His Liberalism, Community, and Culture analyses communitarian writers and issues related to cultural membership. His arguments regarding Multicultural Citizenship are clear and well presented, with many Canadian examples like aboriginal people and immigrant groups. Kymlicka's carefully reasoned arguments force the reader to rethink his or her approach to issues related to minorities and group rights, and deal with prejudice, misconception, and fuzzy thinking. 

Life sketch:
            Will Kymlicka is born in 1962 in Canada. Kymlicka received his B.A. (Honours) in philosophy and political studies from McGill University in 1984, and his D.Phil. in philosophy from Oxford University in 1987, under the direction of G. A. Cohen.
Kymlicka has held professorships at a variety of different universities in Canada and abroad, and has also worked as an advisor to the Government of Canada. From 2004-6, he was the President of the American Society for Political and Legal Philosophy.
His Writings:
Kymlicka has written extensively on multiculturalism and political philosophy mainly on issues of Democracy and diversity in particular on models of citizenship and social justice within multi-cultural societies. This includes Liberalism, multiculturalism, citizenship and minority rights.
He has published eight books and over 200 articles, which have been translated into 32 languages.

Influence:
            Kymlicka’s work  is influenced by writings of J.S. Mill, John Rawls, Ronal Dworkin, Gerald Cohen.

Background:
            What makes Kymlicka what he is, is his views on multiculturalism and minority groups. Kymlicka has studied these ideas in a Canadian context.
Cultural diversity has become a central feature of contemporary society, and seems likely to become more so in the immediate future. Increasing contact among societies as a result of improved communication and transportation has made for population movements and population change. Increased diversity in Canada is the result of changed patterns of immigration, with many more people of colour immigrating to Canada. Policies related to immigration, land claims, self-government, language, and customs have all changed in recent years into a multicultural policy of Canada which is a notable example.

His Political thoughts:
Multiculturalism:
      Multicultural and multiculturalism have been used in various ways. One approach is to include the "perspectives of women, minorities, and non-Western cultures in recognition of the increasingly diverse character of life in modern Western societies." (The Columbia Dictionary of Modern Literary and Cultural Criticism).
Viewed this way, all the social categories could be included. While Kymlicka's approach might be extended to include all of these, his focus is on ethno-cultural groups - ethnic groups, national minorities, nations, and peoples.
Some of the key characteristics of Kymlicka’s multicultural theory are-
1.      Liberal theory:
                  Kymlicka sets his analysis firmly within the tradition of liberalism. This is the political theoretical counterpart of neo-classical economics. That is, liberalism looks on the individual as autonomous and able to act. Emphasis is placed on "individual freedom, whether defined as freedom from coercion, as moral self-determination, or as the right to individual happiness" (Seidman, p. 15). Tolerance and respect for the rights of others are part of this, so that pluralism in social and political affairs is a necessary feature of a liberal society. Freedom of expression, freedom of conscience, freedom of association are some of the rights that have typically been associated with liberalism and liberal democracies. As a political philosophy, liberalism has often been seen as "primarily concerned with the relationship between the individual and the state, and with limiting state intrusions on the liberties of citizens" (Kymlicka, Liberalism, p. 1).
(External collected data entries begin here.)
lemma eops_apply_length_tup_len:
  "eops_ok k r os \<Longrightarrow> length w = r + 1 \<Longrightarrow>
   length (fold eop_apply os w) = fold eop_rank os r + 1 \<and>
   tup_len w \<le> tup_len (fold eop_apply os w)"
proof (induction os arbitrary: r w)
  case (Cons e os)
  then have "w \<noteq> []" by auto
  have step: "length (eop_apply e w) = eop_rank e r + 1 \<and> tup_len w \<le> tup_len (eop_apply e w)"
  proof (cases e)
    case (Ins j u)
    with Cons.prems have "length u \<ge> 1" "j < length w" by (cases u; auto)+
    with Ins Cons.prems show ?thesis by (auto simp: length_tup_intc tup_len_tup_intc tup_rank_def)
  qed (use Cons.prems \<open>w \<noteq> []\<close> in \<open>auto simp: length_tup_cat tup_len_tup_cat tup_rank_def\<close>)
  moreover have "eops_ok k (eop_rank e r) os" using Cons.prems by simp
  ultimately have
    "length (fold eop_apply os (eop_apply e w)) = fold eop_rank os (eop_rank e r) + 1 \<and>
      tup_len (eop_apply e w) \<le> tup_len (fold eop_apply os (eop_apply e w))"
    using Cons.IH by blast
  with step show ?case by simp
qed simp

text \<open>Appending, prepending or intercalating a fixed tuple is a sequence of elementary operations,
  each adding a single letter or a single separator.\<close>

fun append_eops :: "'a tuple \<Rightarrow> 'a eop list" where
  "append_eops [] = []"
| "append_eops [x] = map (\<lambda>a. App [[a]]) x"
| "append_eops (x # y # ys) = map (\<lambda>a. App [[a]]) x @ App [[], []] # append_eops (y # ys)"
lemma sum_clow_seqs_from_diff:
  "(\<Sum>W\<in>clow_seqs_from n A h k - clow_seqs_from n A (Suc h) k. f W) =
    (\<Sum>m\<le>k. \<Sum>C\<in>clows_at n A h m. \<Sum>W'\<in>clow_seqs_from n A (Suc h) (k - m). f (C # W'))"
proof -
  let ?S = "Sigma {..k} (\<lambda>m. clows_at n A h m \<times> clow_seqs_from n A (Suc h) (k - m))"
  have "(\<Sum>W\<in>clow_seqs_from n A h k - clow_seqs_from n A (Suc h) k. f W) =
      (\<Sum>(m, C, W')\<in>?S. f (C # W'))"
  proof (rule sum.reindex_bij_witness[of _ "\<lambda>(m, C, W'). C # W'" "\<lambda>W. (num_edges (hd W), hd W, tl W)"])
    fix W assume "W \<in> clow_seqs_from n A h k - clow_seqs_from n A (Suc h) k"
    then obtain C W' where "W = C # W'" "num_edges C \<le> k" "C \<in> clows_at n A h (num_edges C)"
      "W' \<in> clow_seqs_from n A (Suc h) (k - num_edges C)"
      unfolding clow_seqs_from_diff_iff by blast
    then show "(num_edges (hd W), hd W, tl W) \<in> ?S" "(case (num_edges (hd W), hd W, tl W) of (m, C, W') \<Rightarrow> C # W') = W"
      "(case (num_edges (hd W), hd W, tl W) of (m, C, W') \<Rightarrow> f (C # W')) = f W"
      by auto
  next
    fix x assume "x \<in> ?S"
    then obtain m C W' where "x = (m, C, W')" "m \<le> k" "C \<in> clows_at n A h m"
      "W' \<in> clow_seqs_from n A (Suc h) (k - m)" by auto
    moreover have "num_edges C = m" using \<open>C \<in> clows_at n A h m\<close> by (simp add: clows_at_def)
    ultimately show "(case x of (m, C, W') \<Rightarrow> C # W') \<in> clow_seqs_from n A h k - clow_seqs_from n A (Suc h) k"
      "(num_edges (hd (case x of (m, C, W') \<Rightarrow> C # W')), hd (case x of (m, C, W') \<Rightarrow> C # W'),
        tl (case x of (m, C, W') \<Rightarrow> C # W')) = x"
      using clow_seqs_from_diff_iff[of "C # W'" n A h k] by auto
  qed
  also have "\<dots> = (\<Sum>m\<le>k. \<Sum>(C, W')\<in>clows_at n A h m \<times> clow_seqs_from n A (Suc h) (k - m). f (C # W'))"
    by (subst sum.Sigma) (simp_all add: finite_clows_at finite_clow_seqs_from)
  finally show ?thesis by (simp add: sum.cartesian_product)
qed
lemma smooth_add: "smooth f \<Longrightarrow> smooth g \<Longrightarrow> smooth (\<lambda>z. f z + g z)"
  by (simp add: smooth_def Ck_add)

lemma smooth_cmult: "smooth f \<Longrightarrow> smooth (\<lambda>z. c * f z)"
  by (simp add: smooth_def Ck_cmult)

lemma smooth_mult: "smooth f \<Longrightarrow> smooth g \<Longrightarrow> smooth (\<lambda>z. f z * g z)"
  by (simp add: smooth_def Ck_mult)

lemma smooth_diff: "smooth f \<Longrightarrow> smooth g \<Longrightarrow> smooth (\<lambda>z. f z - g z)"
  using smooth_add[of f "\<lambda>z. (-1) * g z"] smooth_cmult[of g "-1"] by simp

lemma smooth_divide_const: "smooth f \<Longrightarrow> smooth (\<lambda>z. f z / c)"
  using smooth_cmult[of f "1/c"] by simp

lemma smooth_partial: "smooth f \<Longrightarrow> smooth (partial i f)"
  unfolding smooth_def by (metis Ck.simps(2))

lemma smooth_imp_differentiable: "smooth f \<Longrightarrow> f differentiable (at z)"
  unfolding smooth_def by (metis Ck.simps(2))

lemma smooth_partial_commute: "smooth f \<Longrightarrow> partial j (partial i f) z = partial i (partial j f) z"
  unfolding smooth_def by (intro partial_commute) (metis Ck.simps)+

lemmas smooth_intros =
  smooth_const smooth_vec_nth smooth_add smooth_cmult smooth_mult smooth_diff
  smooth_divide_const smooth_partial

lemmas partial_simps =
  partial_add partial_diff partial_cmult partial_mult partial_const partial_vec_nth
  smooth_imp_differentiable smooth_intros

subsection \<open>The bracket of \<open>PiM k\<close>\<close>

lemma bracket_PiM:
  "bracket (PiM k) f g z =
      (z$3/k) * (partial 2 f z * partial 1 g z - partial 1 f z * partial 2 g z)
    + (partial 3 f z * partial 1 g z - partial 1 f z * partial 3 g z)"
  unfolding bracket_def grad_def PiM_def
  by (simp add: inner_vec_def matrix_vector_mult_def sum_3 algebra_simps)

lemma smooth_bracket_PiM: "smooth f \<Longrightarrow> smooth g \<Longrightarrow> smooth (bracket (PiM k) f g)"
  unfolding bracket_PiM by (intro smooth_intros)

lemma partial_bracket_PiM:
  assumes "smooth g" "smooth h"
  shows "partial i (bracket (PiM k) g h) z =
    (if i = 3 then 1/k else 0) * (partial 2 g z * partial 1 h z - partial 1 g z * partial 2 h z)
    + (z$3/k) * (partial i (partial 2 g) z * partial 1 h z + partial 2 g z * partial i (partial 1 h) z
                - partial i (partial 1 g) z * partial 2 h z - partial 1 g z * partial i (partial 2 h) z)
    + (partial i (partial 3 g) z * partial 1 h z + partial 3 g z * partial i (partial 1 h) z
                - partial i (partial 1 g) z * partial 3 h z - partial 1 g z * partial i (partial 3 h) z)"
proof -
  have "partial i (\<lambda>z. z$3 / k) z = (if i = 3 then 1/k else 0)"
    using partial_cmult[of "\<lambda>z. z$3" z i "1/k"] smooth_vec_nth[THEN smooth_imp_differentiable]
    by (simp add: partial_vec_nth)
  with assms show ?thesis
    unfolding bracket_PiM[abs_def]
    by (simp only: partial_simps) (simp add: algebra_simps)
qed

lemma jacobi_PiM:
  assumes "smooth f" "smooth g" "smooth h"
  shows "bracket (PiM k) f (bracket (PiM k) g h) z + bracket (PiM k) g (bracket (PiM k) h f) z
       + bracket (PiM k) h (bracket (PiM k) f g) z = 0"
proof -
  note mixed_partials =
    smooth_partial_commute[OF assms(1), of 2 1] smooth_partial_commute[OF assms(1), of 3 1]
    smooth_partial_commute[OF assms(1), of 3 2] smooth_partial_commute[OF assms(2), of 2 1]
    smooth_partial_commute[OF assms(2), of 3 1] smooth_partial_commute[OF assms(2), of 3 2]
    smooth_partial_commute[OF assms(3), of 2 1] smooth_partial_commute[OF assms(3), of 3 1]
    smooth_partial_commute[OF assms(3), of 3 2]
  show ?thesis
    using assms
    by (simp only: bracket_PiM[of k _ "bracket (PiM k) _ _"] partial_bracket_PiM mixed_partials)
       (simp add: algebra_simps)
qed

lemma defines_poisson_bracket_PiM: "defines_poisson_bracket (PiM k)"
  unfolding defines_poisson_bracket_def
proof (intro allI impI conjI ext)
  fix f g h :: "real^3 \<Rightarrow> real" and a b :: real and z
  assume "smooth f \<and> smooth g \<and> smooth h"
  then have sf: "smooth f" and sg: "smooth g" and sh: "smooth h" by auto
  show "smooth (bracket (PiM k) f g)"
    using sf sg by (rule smooth_bracket_PiM)
  show "bracket (PiM k) (\<lambda>z. a * f z + b * g z) h z = a * bracket (PiM k) f h z + b * bracket (PiM k) g h z"
    using sf sg by (simp add: bracket_PiM partial_simps algebra_simps)
  show "bracket (PiM k) f (\<lambda>z. a * g z + b * h z) z = a * bracket (PiM k) f g z + b * bracket (PiM k) f h z"
    using sg sh by (simp add: bracket_PiM partial_simps algebra_simps)
  show "bracket (PiM k) f g z = - bracket (PiM k) g f z"
    by (simp add: bracket_PiM algebra_simps)
  show "bracket (PiM k) f (\<lambda>z. g z * h z) z = bracket (PiM k) f g z * h z + g z * bracket (PiM k) f h z"
    using sg sh by (simp add: bracket_PiM partial_simps algebra_simps)
  show "bracket (PiM k) f (bracket (PiM k) g h) z + bracket (PiM k) g (bracket (PiM k) h f) z
      + bracket (PiM k) h (bracket (PiM k) f g) z = 0"
    using sf sg sh by (rule jacobi_PiM)
qed

lemma Htil_eq: "Htil c1 c2 k = (\<lambda>z. (-(k/(2*c1))) * (z$1 * z$1 + (c1/c2) * (z$2 * z$2)))"
  by (rule ext) (simp add: Htil_def power2_eq_square)

lemma Ctil_eq: "Ctil k = (\<lambda>z. z$2 - (1/(2*k)) * (z$3 * z$3))"
  by (rule ext) (simp add: Ctil_def power2_eq_square)

lemma smooth_Htil: "smooth (Htil c1 c2 k)"
  unfolding Htil_eq by (intro smooth_intros)

lemma smooth_Ctil: "smooth (Ctil k)"
  unfolding Ctil_eq by (intro smooth_intros)

lemma grad_Htil:
  assumes "c1 \<noteq> 0"
  shows "grad (Htil c1 c2 k) z = vector [-(k/c1) * z$1, -(k/c2) * z$2, 0]"
  using assms unfolding grad_def Htil_eq
  by (simp only: partial_simps) (simp add: vec_eq_iff forall_3 field_simps)

lemma partial_Ctil: "partial i (Ctil k) z = (if i = 2 then 1 else if i = 3 then - z$3 / k else 0)"
  unfolding Ctil_eq by (simp only: partial_simps) (auto simp: field_simps)

lemma sysF_eq_PiM_grad_Htil:
  assumes "c1 \<noteq> 0" "k \<noteq> 0"
  shows "sysF c1 c2 k z = PiM k z *v grad (Htil c1 c2 k) z"
  using assms
  by (simp add: grad_Htil sysF_def PiM_def vec_eq_iff forall_3 matrix_vector_mult_def sum_3 field_simps)

lemma bracket_PiM_Ctil: "bracket (PiM k) (Ctil k) f z = 0"
  by (simp add: bracket_PiM partial_Ctil)

theorem proposition5p4:
  fixes c1 c2 k :: real
  assumes "c1 > 0" and "c2 > 0" and "k \<noteq> 0"
  shows "defines_poisson_bracket (PiM k)
       \<and> smooth (Htil c1 c2 k) \<and> smooth (Ctil k)
       \<and> (\<forall>z. sysF c1 c2 k z = PiM k z *v grad (Htil c1 c2 k) z)
       \<and> (\<forall>f. smooth f \<longrightarrow> (\<forall>z. bracket (PiM k) (Ctil k) f z = 0))"
  using assms defines_poisson_bracket_PiM smooth_Htil smooth_Ctil
    sysF_eq_PiM_grad_Htil[of c1 k c2] bracket_PiM_Ctil
  by blast

end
2.      Individualism and individual rights: 
      They are often viewed as the defining characteristic of liberalism, so that there are minimal or no group rights that are part of collectivities. All rights adhere to the individual, and liberalism has often been criticized for being excessively individualistic.
      In contrast, Kymlicka argues that "liberalism also contains a broader account of the relationship between the individual and society - and, in particular, of the individual's membership in a community and a culture" (Kymlicka, Liberalism, p. 1). It is this argument that Kymlicka pursues in Multicultural Citizenship, and where he argues that group rights are part of liberal thought. Group rights can be viewed as admissible within liberalism and even necessary for freedom and equality.

3.      Minority Rights:
One of his main concerns throughout his work is providing a liberal framework for the just treatment of minority groups which he divides into two basic categories:
 (i) National minorities and
 (ii) Poly-ethnic groups or immigrant groups.
      A particular state could be a combination of these, as is Canada. Most states have aspects of each, although Canada is more clearly an example of a country with at least two national minorities and many ethnic groups.
·         National minorities are groups that have in common some or all of history, community, territory, language, or culture. Each of these is sometimes referred to as a nation, people, or culture. Each of these may have become a minority involuntarily through conquest, colonization, or expansion, or it could have voluntarily agreed to enter a federation with one or more other nations, peoples, or cultures.
       I.            Kymlicka defines national minorities in terms of culture, and argues that if these minorities wish to retain their cultures, they should be recognized as distinct.
    II.            The group rights that may be associated with national minorities are self-government rights or special representation rights. While these have to be worked out on a case by case basis, Kymlicka makes a strong case for these rights where national minorities have a claim to be peoples or cultures.
 III.            For Kymlicka these are not temporary rights, but are rights that should be recognized on a permanent basis, because these are inherent rights of the national minority.
 IV.            Of course, these groups could decide to secede, and this may be the best solution in some cases.
But in other cases, it may be possible to accommodate the rights of national minorities through a combination of self-government and special representation rights.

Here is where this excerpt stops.